[Saved data entries]
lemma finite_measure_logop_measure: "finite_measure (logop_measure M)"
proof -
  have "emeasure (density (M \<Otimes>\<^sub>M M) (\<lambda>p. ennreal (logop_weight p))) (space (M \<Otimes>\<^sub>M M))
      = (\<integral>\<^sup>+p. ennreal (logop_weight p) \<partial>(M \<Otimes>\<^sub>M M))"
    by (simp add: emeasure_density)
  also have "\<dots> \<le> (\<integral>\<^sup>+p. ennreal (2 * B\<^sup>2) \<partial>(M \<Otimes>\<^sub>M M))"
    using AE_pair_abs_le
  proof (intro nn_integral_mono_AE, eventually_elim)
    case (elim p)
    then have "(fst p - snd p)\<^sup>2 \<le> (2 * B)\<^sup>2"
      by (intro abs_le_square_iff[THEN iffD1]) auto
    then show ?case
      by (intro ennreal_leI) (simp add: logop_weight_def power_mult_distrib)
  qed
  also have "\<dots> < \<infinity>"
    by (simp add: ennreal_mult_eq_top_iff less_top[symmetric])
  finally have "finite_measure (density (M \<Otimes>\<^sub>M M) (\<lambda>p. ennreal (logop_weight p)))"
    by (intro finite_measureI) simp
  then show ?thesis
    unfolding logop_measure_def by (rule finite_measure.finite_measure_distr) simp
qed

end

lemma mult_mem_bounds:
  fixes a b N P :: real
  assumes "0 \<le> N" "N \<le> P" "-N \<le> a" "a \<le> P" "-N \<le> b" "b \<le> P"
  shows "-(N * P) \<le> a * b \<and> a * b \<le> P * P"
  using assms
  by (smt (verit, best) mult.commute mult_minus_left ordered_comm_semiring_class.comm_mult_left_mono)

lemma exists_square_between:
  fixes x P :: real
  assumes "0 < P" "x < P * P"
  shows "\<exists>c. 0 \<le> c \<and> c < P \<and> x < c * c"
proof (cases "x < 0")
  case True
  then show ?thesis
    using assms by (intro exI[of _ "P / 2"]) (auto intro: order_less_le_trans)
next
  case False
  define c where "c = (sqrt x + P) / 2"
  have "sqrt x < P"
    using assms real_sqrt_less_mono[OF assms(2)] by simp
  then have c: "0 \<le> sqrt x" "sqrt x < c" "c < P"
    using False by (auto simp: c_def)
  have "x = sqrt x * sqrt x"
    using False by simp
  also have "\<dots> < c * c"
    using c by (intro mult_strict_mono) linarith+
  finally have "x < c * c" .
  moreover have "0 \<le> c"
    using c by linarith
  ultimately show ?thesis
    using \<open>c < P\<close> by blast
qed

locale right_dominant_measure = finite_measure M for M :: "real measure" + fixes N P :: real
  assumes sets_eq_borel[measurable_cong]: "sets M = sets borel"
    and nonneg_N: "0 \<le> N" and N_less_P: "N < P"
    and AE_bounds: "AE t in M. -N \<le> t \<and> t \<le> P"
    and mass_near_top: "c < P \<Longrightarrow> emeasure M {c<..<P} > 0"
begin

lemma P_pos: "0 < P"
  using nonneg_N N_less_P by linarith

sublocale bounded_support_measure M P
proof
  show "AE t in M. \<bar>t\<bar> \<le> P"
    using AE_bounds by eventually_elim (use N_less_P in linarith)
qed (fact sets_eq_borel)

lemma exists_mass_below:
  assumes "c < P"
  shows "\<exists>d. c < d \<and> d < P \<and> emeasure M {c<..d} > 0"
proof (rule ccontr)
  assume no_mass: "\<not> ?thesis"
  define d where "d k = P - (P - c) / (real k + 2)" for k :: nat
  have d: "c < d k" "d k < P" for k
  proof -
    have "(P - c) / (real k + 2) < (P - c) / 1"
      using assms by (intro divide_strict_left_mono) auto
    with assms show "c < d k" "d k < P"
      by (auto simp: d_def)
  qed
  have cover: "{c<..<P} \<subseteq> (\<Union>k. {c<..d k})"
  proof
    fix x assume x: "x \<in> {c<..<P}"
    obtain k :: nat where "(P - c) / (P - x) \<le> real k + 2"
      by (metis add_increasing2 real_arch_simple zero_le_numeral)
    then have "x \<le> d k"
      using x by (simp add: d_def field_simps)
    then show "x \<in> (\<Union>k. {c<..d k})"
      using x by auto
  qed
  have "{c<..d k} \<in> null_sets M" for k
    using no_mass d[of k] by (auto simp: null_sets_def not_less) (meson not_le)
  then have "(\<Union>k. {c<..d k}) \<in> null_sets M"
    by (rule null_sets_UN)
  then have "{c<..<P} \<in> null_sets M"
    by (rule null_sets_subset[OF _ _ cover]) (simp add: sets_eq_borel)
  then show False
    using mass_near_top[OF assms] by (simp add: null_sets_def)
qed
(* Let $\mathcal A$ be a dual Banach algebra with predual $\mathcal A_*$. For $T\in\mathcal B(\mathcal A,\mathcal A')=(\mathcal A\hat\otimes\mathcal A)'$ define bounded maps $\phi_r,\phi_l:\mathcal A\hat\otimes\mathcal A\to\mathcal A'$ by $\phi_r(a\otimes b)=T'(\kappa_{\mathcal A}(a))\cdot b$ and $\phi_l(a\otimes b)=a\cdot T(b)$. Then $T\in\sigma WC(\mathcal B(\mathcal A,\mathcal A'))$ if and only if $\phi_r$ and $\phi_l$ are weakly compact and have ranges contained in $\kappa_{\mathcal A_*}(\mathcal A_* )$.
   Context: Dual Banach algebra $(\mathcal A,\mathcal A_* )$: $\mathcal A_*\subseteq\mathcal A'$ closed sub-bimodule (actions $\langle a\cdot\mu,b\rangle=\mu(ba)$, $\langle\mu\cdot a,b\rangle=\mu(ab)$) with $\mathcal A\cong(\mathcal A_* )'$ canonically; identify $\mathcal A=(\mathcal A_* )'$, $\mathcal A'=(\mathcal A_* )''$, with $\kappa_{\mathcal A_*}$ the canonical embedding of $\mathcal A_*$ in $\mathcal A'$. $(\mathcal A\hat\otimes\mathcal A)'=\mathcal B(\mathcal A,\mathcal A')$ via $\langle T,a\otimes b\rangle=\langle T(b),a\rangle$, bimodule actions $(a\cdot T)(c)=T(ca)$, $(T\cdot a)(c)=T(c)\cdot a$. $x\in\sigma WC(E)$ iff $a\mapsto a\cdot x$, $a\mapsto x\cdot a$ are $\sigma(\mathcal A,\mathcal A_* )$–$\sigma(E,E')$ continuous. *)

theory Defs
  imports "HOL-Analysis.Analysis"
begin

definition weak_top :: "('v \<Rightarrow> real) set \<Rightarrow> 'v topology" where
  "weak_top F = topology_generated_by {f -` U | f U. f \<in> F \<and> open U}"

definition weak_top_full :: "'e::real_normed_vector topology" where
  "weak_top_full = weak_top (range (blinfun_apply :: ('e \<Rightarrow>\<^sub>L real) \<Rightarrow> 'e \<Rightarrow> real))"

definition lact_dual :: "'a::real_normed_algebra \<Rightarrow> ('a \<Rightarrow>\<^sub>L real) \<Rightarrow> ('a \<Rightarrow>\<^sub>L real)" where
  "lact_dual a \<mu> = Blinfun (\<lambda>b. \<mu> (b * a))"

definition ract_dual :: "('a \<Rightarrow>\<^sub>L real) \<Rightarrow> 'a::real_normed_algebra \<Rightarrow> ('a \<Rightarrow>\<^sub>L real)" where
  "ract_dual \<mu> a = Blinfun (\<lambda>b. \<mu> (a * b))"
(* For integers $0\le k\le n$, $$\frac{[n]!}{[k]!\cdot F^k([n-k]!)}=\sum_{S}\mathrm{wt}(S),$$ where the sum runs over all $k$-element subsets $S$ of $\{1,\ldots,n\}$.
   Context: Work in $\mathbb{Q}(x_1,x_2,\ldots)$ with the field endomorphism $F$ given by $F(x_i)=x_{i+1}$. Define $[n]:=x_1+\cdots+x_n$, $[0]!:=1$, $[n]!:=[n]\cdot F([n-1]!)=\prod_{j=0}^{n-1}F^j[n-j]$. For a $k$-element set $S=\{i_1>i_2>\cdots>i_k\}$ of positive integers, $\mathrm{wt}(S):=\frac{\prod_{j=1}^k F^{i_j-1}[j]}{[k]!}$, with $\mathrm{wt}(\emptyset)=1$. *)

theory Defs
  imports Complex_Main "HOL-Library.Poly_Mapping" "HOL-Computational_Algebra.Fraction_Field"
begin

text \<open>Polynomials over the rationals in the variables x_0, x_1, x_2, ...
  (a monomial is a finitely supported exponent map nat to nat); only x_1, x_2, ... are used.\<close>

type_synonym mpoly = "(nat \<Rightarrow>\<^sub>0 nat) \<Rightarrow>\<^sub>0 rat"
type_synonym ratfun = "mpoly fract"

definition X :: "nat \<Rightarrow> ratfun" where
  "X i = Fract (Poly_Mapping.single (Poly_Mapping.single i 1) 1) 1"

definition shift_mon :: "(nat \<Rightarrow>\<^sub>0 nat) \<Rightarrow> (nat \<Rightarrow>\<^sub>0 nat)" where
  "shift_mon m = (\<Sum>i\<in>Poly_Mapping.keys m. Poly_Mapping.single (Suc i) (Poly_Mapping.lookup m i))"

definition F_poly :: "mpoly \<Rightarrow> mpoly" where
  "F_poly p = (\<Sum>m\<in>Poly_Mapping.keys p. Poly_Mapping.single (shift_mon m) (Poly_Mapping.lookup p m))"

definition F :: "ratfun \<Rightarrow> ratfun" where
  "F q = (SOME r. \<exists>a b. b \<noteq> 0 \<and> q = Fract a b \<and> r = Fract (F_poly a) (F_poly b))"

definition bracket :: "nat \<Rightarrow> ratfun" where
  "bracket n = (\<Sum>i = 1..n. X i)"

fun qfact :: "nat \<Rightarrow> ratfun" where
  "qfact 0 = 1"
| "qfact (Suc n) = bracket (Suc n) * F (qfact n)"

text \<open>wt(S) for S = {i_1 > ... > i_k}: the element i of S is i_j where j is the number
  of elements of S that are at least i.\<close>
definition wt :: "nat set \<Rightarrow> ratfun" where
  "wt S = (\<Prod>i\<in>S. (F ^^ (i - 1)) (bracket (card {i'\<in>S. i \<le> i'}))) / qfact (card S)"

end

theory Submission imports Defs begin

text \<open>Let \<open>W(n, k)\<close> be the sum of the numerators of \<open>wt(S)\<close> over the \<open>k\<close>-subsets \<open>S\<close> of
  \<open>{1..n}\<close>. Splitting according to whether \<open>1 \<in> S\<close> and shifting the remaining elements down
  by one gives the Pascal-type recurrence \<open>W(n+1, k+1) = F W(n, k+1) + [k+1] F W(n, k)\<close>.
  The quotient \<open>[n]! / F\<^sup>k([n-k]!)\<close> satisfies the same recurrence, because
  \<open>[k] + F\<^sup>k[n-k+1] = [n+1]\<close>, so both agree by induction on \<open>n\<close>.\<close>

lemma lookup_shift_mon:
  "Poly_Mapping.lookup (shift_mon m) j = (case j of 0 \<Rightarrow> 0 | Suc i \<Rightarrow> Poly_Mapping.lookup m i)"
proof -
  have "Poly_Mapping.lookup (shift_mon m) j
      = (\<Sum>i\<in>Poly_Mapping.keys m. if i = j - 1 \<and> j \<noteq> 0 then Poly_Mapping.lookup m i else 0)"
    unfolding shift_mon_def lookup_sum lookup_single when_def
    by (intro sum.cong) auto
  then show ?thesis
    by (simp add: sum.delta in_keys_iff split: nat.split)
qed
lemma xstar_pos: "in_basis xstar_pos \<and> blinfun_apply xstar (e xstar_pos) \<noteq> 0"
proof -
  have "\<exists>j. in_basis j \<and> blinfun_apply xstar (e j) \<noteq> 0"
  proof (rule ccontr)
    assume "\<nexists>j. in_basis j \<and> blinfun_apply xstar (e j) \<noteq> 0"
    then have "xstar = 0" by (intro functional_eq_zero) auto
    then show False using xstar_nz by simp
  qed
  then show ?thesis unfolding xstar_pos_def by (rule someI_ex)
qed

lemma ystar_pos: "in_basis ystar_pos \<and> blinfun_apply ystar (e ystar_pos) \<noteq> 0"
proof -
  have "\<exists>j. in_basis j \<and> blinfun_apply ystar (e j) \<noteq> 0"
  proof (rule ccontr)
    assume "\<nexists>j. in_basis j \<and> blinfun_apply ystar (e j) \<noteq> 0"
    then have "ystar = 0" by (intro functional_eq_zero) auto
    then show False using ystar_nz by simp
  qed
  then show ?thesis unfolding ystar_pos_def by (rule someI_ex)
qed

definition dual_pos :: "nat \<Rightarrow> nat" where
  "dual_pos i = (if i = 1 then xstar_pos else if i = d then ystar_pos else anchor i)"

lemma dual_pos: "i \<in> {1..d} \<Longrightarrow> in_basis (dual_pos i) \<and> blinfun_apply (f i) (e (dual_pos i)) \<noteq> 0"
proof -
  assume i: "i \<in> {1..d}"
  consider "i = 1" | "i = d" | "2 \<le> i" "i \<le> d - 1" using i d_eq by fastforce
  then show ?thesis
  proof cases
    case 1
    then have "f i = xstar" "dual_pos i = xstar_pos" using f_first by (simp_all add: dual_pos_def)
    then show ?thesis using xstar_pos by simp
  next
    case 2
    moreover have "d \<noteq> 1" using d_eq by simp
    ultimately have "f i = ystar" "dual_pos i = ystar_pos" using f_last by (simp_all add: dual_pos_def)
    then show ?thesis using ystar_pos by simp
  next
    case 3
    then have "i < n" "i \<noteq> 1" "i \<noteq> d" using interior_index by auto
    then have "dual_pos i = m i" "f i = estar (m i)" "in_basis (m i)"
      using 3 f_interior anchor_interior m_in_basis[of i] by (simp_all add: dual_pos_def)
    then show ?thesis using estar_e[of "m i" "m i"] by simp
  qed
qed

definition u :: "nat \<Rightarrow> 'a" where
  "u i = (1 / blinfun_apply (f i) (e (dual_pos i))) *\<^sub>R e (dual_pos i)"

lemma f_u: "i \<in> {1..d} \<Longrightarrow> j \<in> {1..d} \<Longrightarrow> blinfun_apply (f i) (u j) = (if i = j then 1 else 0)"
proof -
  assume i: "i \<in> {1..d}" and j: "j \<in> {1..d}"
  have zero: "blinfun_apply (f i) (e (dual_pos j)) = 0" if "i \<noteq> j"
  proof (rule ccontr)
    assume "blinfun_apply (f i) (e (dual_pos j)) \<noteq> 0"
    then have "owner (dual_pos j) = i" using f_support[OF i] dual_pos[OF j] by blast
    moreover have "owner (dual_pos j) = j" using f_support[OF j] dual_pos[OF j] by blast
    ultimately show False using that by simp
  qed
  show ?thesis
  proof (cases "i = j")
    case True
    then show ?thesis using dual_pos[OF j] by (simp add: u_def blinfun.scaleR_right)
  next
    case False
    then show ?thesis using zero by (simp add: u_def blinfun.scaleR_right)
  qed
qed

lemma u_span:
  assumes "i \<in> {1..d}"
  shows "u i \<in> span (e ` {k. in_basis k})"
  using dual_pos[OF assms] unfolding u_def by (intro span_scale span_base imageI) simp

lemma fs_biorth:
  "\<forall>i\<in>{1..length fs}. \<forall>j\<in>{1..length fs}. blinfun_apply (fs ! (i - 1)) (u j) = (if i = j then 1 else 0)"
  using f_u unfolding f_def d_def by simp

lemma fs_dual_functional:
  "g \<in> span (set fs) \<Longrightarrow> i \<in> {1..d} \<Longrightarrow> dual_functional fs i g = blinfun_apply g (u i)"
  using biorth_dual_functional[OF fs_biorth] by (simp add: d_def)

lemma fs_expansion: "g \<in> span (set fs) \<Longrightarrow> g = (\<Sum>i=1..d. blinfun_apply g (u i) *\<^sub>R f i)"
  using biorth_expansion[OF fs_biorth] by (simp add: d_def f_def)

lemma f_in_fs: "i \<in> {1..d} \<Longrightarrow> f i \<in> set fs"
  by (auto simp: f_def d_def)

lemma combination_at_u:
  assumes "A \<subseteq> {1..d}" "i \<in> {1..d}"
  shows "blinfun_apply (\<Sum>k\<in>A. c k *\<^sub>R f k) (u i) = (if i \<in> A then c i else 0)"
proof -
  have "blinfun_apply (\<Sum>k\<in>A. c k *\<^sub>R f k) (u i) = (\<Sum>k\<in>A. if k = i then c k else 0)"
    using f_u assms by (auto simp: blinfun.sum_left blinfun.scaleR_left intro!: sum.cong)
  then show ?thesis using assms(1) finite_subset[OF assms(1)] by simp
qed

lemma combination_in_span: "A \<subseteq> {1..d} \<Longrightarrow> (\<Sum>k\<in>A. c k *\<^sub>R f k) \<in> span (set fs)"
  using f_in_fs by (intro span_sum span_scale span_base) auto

● INSTRUCTIONS FOR THE TASK:
Copy nothing beyond the line containing "by (simp add: emeasure_density)". Transcribe exactly from the first line of the entries down to that line, inclusive.

● RESPONSE AREA:
lemma finite_measure_logop_measure: "finite_measure (logop_measure M)"
proof -
  have "emeasure (density (M \<Otimes>\<^sub>M M) (\<lambda>p. ennreal (logop_weight p))) (space (M \<Otimes>\<^sub>M M))
      = (\<integral>\<^sup>+p. ennreal (logop_weight p) \<partial>(M \<Otimes>\<^sub>M M))"
    by (simp add: emeasure_density)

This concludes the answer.